## ASSIGNED TASK
Start at the line with "cmat \<Rightarrow> 'n \<Rightarrow>" in the records below, stop at the line with "j. cinner (\<psi>", and return every line in that span exactly, the two end lines included.
--------------------------------------------------
(* Under assumptions (i) and (ii) below, $\mathcal T\subset\mathcal L(H_1,H_2)$, where $\mathcal T=\{H\in\mathcal O:(H\psi_k,\psi_k)=0\text{ for all }k=1,\dots,N\}$ (a real space of dimension $N(N-1)$). (i) $(H_1\psi_k,\psi_j)\ne0$ for all $k\ne j$; (ii) $\lambda_k-\lambda_l\ne\lambda_{k'}-\lambda_{l'}$ for all ordered pairs $(k,l)\ne(k',l')$, where $\lambda_k$ are the eigenvalues of $H_2$ and $\psi_k$ corresponding orthonormal eigenvectors.
   Context: $\mathcal H=\mathbb C^N$, $N>1$. $\mathcal O$ is the real vector space of Hermitian operators on $\mathcal H$, with bracket $\{A,B\}=i(AB-BA)$. For $H_1,H_2\in\mathcal O$, $\mathcal L(H_1,H_2)$ is the real linear span of $H_1,H_2$ and all iterated brackets $\{H_1,H_2\},\{H_1,\{H_1,H_2\}\},\{H_2,\{H_1,H_2\}\},\dots$. *)

theory Defs
  imports "HOL-Analysis.Analysis"
begin

text \<open>Operators on H = C^N are N x N complex matrices indexed by a finite type 'n
  with CARD('n) = N.\<close>

type_synonym 'n cmat = "complex ^ 'n ^ 'n"

definition herm :: "'n::finite cmat \<Rightarrow> bool" where
  "herm A \<longleftrightarrow> (\<forall>i j. A $ i $ j = cnj (A $ j $ i))"

definition cinner :: "complex ^ 'n::finite \<Rightarrow> complex ^ 'n \<Rightarrow> complex" where
  "cinner x y = (\<Sum>i\<in>UNIV. x $ i * cnj (y $ i))"

definition qbr :: "'n::finite cmat \<Rightarrow> 'n cmat \<Rightarrow> 'n cmat" where
  "qbr A B = (\<chi> i j. \<i> * ((A ** B) $ i $ j - (B ** A) $ i $ j))"

inductive_set iter_brackets :: "'n::finite cmat \<Rightarrow> 'n cmat \<Rightarrow> 'n cmat set"
  for H1 H2 where
  gen1: "H1 \<in> iter_brackets H1 H2"
| gen2: "H2 \<in> iter_brackets H1 H2"
| br: "A \<in> iter_brackets H1 H2 \<Longrightarrow> B \<in> iter_brackets H1 H2 \<Longrightarrow>
        qbr A B \<in> iter_brackets H1 H2"

text \<open>L(H1,H2): real linear span (span = real_vector.span).\<close>
definition Lie_gen :: "'n::finite cmat \<Rightarrow> 'n cmat \<Rightarrow> 'n cmat set" where
  "Lie_gen H1 H2 = span (iter_brackets H1 H2)"

definition Tset :: "('n::finite \<Rightarrow> complex ^ 'n) \<Rightarrow> 'n cmat set" where
  "Tset \<psi> = {H. herm H \<and> (\<forall>k. cinner (H *v \<psi> k) (\<psi> k) = 0)}"

end

theory Submission
  imports Defs
begin

text \<open>In the eigenbasis of \<open>H\<^sub>2\<close> the bracket \<open>{H\<^sub>2, X}\<close> multiplies the \<open>(k, j)\<close> matrix
  element of \<open>X\<close> by \<open>i(\<lambda>\<^sub>k - \<lambda>\<^sub>j)\<close>, and \<open>L(H\<^sub>1, H\<^sub>2)\<close> is a real subspace invariant under
  this bracket. Applying to \<open>H\<^sub>1\<close> the real polynomial \<open>\<Prod>\<^sub>w (ad\<^sup>2 + w)\<close>, with \<open>w\<close> ranging over
  the squared gaps different from \<open>(\<lambda>\<^sub>k - \<lambda>\<^sub>j)\<^sup>2\<close>, kills every matrix element except those
  at \<open>(k, j)\<close> and \<open>(j, k)\<close>; by (ii) these are the only positions with that squared gap,
  and by (i) they survive. A real combination of the result and its bracket with \<open>H\<^sub>2\<close>
  yields \<open>z E\<^sub>k\<^sub>j + z\<^sup>* E\<^sub>j\<^sub>k\<close> for every complex \<open>z\<close>, and these matrices span \<open>T\<close>.\<close>

definition matrix_elem :: "('n::finite \<Rightarrow> complex ^ 'n) \<Rightarrow> 'n cmat \<Rightarrow> 'n \<Rightarrow> 'n \<Rightarrow> complex" where
  "matrix_elem \<psi> X k j = cinner (X *v \<psi> j) (\<psi> k)"

lemma matrix_elem_expand:
  "matrix_elem \<psi> X k j = (\<Sum>a\<in>UNIV. \<Sum>b\<in>UNIV. cnj (\<psi> k $ a) * X $ a $ b * \<psi> j $ b)"
  unfolding matrix_elem_def cinner_def matrix_vector_mult_def
  by (simp add: sum_distrib_left sum_distrib_right mult.commute mult.left_commute)

lemma linear_matrix_elem: "linear (\<lambda>X. matrix_elem \<psi> X k j)"
  by (rule linearI)
    (simp_all add: matrix_elem_expand sum.distrib sum_distrib_left
      scaleR_conv_of_real[where 'a = complex] algebra_simps)

lemmas matrix_elem_add = linear_add[OF linear_matrix_elem]
  and matrix_elem_scaleR = linear_scale[OF linear_matrix_elem]
  and matrix_elem_sum = linear_sum[OF linear_matrix_elem]

lemma cinner_herm_adjoint:
  assumes "herm A"
  shows "cinner (A *v x) y = cinner x (A *v y)"
proof -
  have A: "cnj (A $ a $ b) = A $ b $ a" for a b
    using assms unfolding herm_def by (metis complex_cnj_cnj)
  have "cinner (A *v x) y = (\<Sum>i\<in>UNIV. \<Sum>j\<in>UNIV. A $ i $ j * x $ j * cnj (y $ i))"
    unfolding cinner_def matrix_vector_mult_def by (simp add: sum_distrib_right)
  also have "\<dots> = (\<Sum>j\<in>UNIV. \<Sum>i\<in>UNIV. A $ i $ j * x $ j * cnj (y $ i))"
    by (rule sum.swap)
  also have "\<dots> = cinner x (A *v y)"
    unfolding cinner_def matrix_vector_mult_def by (simp add: sum_distrib_left A mult_ac)
  finally show ?thesis .
qed

lemma herm_matrix_elem_swap:
  assumes "herm A"
  shows "matrix_elem \<psi> A j k = cnj (matrix_elem \<psi> A k j)"
proof -
  have "cnj (cinner x y) = cinner y x" for x y :: "complex ^ 'a"
    unfolding cinner_def by (simp add: mult.commute)
  then show ?thesis
    unfolding matrix_elem_def by (simp add: cinner_herm_adjoint[OF assms])
qed

lemma matrix_elem_conv_matrix_mult:
  "matrix_elem \<psi> X k j = ((\<chi> k a. cnj (\<psi> k $ a)) ** X ** (\<chi> a k. \<psi> k $ a)) $ k $ j"
  unfolding matrix_elem_expand matrix_matrix_mult_def
  by (simp add: sum_distrib_right) (subst sum.swap, simp)

lemma matrix_elem_eqI:
  fixes \<psi> :: "'n::finite \<Rightarrow> complex ^ 'n"
  assumes orth: "\<forall>k j. cinner (\<psi> k) (\<psi> j) = (if k = j then 1 else 0)"
    and eq: "\<And>k j. matrix_elem \<psi> X k j = matrix_elem \<psi> Y k j"
  shows "X = Y"
proof -
  define V :: "'n cmat" where "V = (\<chi> k a. cnj (\<psi> k $ a))"
  define U :: "'n cmat" where "U = (\<chi> a k. \<psi> k $ a)"
  have "V ** U = mat 1"
    using orth unfolding V_def U_def matrix_matrix_mult_def cinner_def
    by (simp add: vec_eq_iff mat_def mult.commute)
  then have UV: "U ** V = mat 1"
    using matrix_left_right_inverse by blast
  have "V ** X ** U = V ** Y ** U"
    using eq unfolding matrix_elem_conv_matrix_mult V_def U_def by (simp add: vec_eq_iff)
  then have "U ** (V ** X ** U) ** V = U ** (V ** Y ** U) ** V"
    by simp
  then show ?thesis
    by (metis UV matrix_mul_assoc matrix_mul_lid matrix_mul_rid)
qed

text \<open>The matrix elements of \<open>z E\<^sub>k\<^sub>j + z\<^sup>* E\<^sub>j\<^sub>k\<close>; \<open>of_bool\<close> instead of \<open>if\<close> keeps the
  simplifier from looping on the symmetric conditions.\<close>
definition herm_unit :: "'n \<Rightarrow> 'n \<Rightarrow> complex \<Rightarrow> 'n \<Rightarrow> 'n \<Rightarrow> complex" where
  "herm_unit k j z a b = of_bool (a = k \<and> b = j) * z + of_bool (a = j \<and> b = k) * cnj z"

lemma herm_unit_scaleR_add:
  "r *\<^sub>R herm_unit k j u a b + s *\<^sub>R herm_unit k j v a b = herm_unit k j (r *\<^sub>R u + s *\<^sub>R v) a b"
  by (simp add: herm_unit_def algebra_simps)

lemma herm_unit_eq_0:
  assumes "(a, b) \<noteq> (k, j)" and "(a, b) \<noteq> (j, k)"
  shows "herm_unit k j z a b = 0"
  using assms unfolding herm_unit_def
  by (simp only: prod.inject of_bool_eq simp_thms mult_zero_left add_0)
--------------------------------------------------
## SOLUTION
definition matrix_elem :: "('n::finite \<Rightarrow> complex ^ 'n) \<Rightarrow> 'n cmat \<Rightarrow> 'n \<Rightarrow> 'n \<Rightarrow> complex" where
  "matrix_elem \<psi> X k j = cinner (X *v \<psi> j) (\<psi> k)"

lemma matrix_elem_expand:
  "matrix_elem \<psi> X k j = (\<Sum>a\<in>UNIV. \<Sum>b\<in>UNIV. cnj (\<psi> k $ a) * X $ a $ b * \<psi> j $ b)"
  unfolding matrix_elem_def cinner_def matrix_vector_mult_def
  by (simp add: sum_distrib_left sum_distrib_right mult.commute mult.left_commute)

lemma linear_matrix_elem: "linear (\<lambda>X. matrix_elem \<psi> X k j)"
  by (rule linearI)
    (simp_all add: matrix_elem_expand sum.distrib sum_distrib_left
      scaleR_conv_of_real[where 'a = complex] algebra_simps)

lemmas matrix_elem_add = linear_add[OF linear_matrix_elem]
  and matrix_elem_scaleR = linear_scale[OF linear_matrix_elem]
  and matrix_elem_sum = linear_sum[OF linear_matrix_elem]

lemma cinner_herm_adjoint:
  assumes "herm A"
  shows "cinner (A *v x) y = cinner x (A *v y)"
proof -
  have A: "cnj (A $ a $ b) = A $ b $ a" for a b
    using assms unfolding herm_def by (metis complex_cnj_cnj)
  have "cinner (A *v x) y = (\<Sum>i\<in>UNIV. \<Sum>j\<in>UNIV. A $ i $ j * x $ j * cnj (y $ i))"
    unfolding cinner_def matrix_vector_mult_def by (simp add: sum_distrib_right)
  also have "\<dots> = (\<Sum>j\<in>UNIV. \<Sum>i\<in>UNIV. A $ i $ j * x $ j * cnj (y $ i))"
    by (rule sum.swap)
  also have "\<dots> = cinner x (A *v y)"
    unfolding cinner_def matrix_vector_mult_def by (simp add: sum_distrib_left A mult_ac)
  finally show ?thesis .
qed

lemma herm_matrix_elem_swap:
  assumes "herm A"
  shows "matrix_elem \<psi> A j k = cnj (matrix_elem \<psi> A k j)"
proof -
  have "cnj (cinner x y) = cinner y x" for x y :: "complex ^ 'a"
    unfolding cinner_def by (simp add: mult.commute)
  then show ?thesis
    unfolding matrix_elem_def by (simp add: cinner_herm_adjoint[OF assms])
qed

lemma matrix_elem_conv_matrix_mult:
  "matrix_elem \<psi> X k j = ((\<chi> k a. cnj (\<psi> k $ a)) ** X ** (\<chi> a k. \<psi> k $ a)) $ k $ j"
  unfolding matrix_elem_expand matrix_matrix_mult_def
  by (simp add: sum_distrib_right) (subst sum.swap, simp)

lemma matrix_elem_eqI:
  fixes \<psi> :: "'n::finite \<Rightarrow> complex ^ 'n"
  assumes orth: "\<forall>k j. cinner (\<psi> k) (\<psi> j) = (if k = j then 1 else 0)"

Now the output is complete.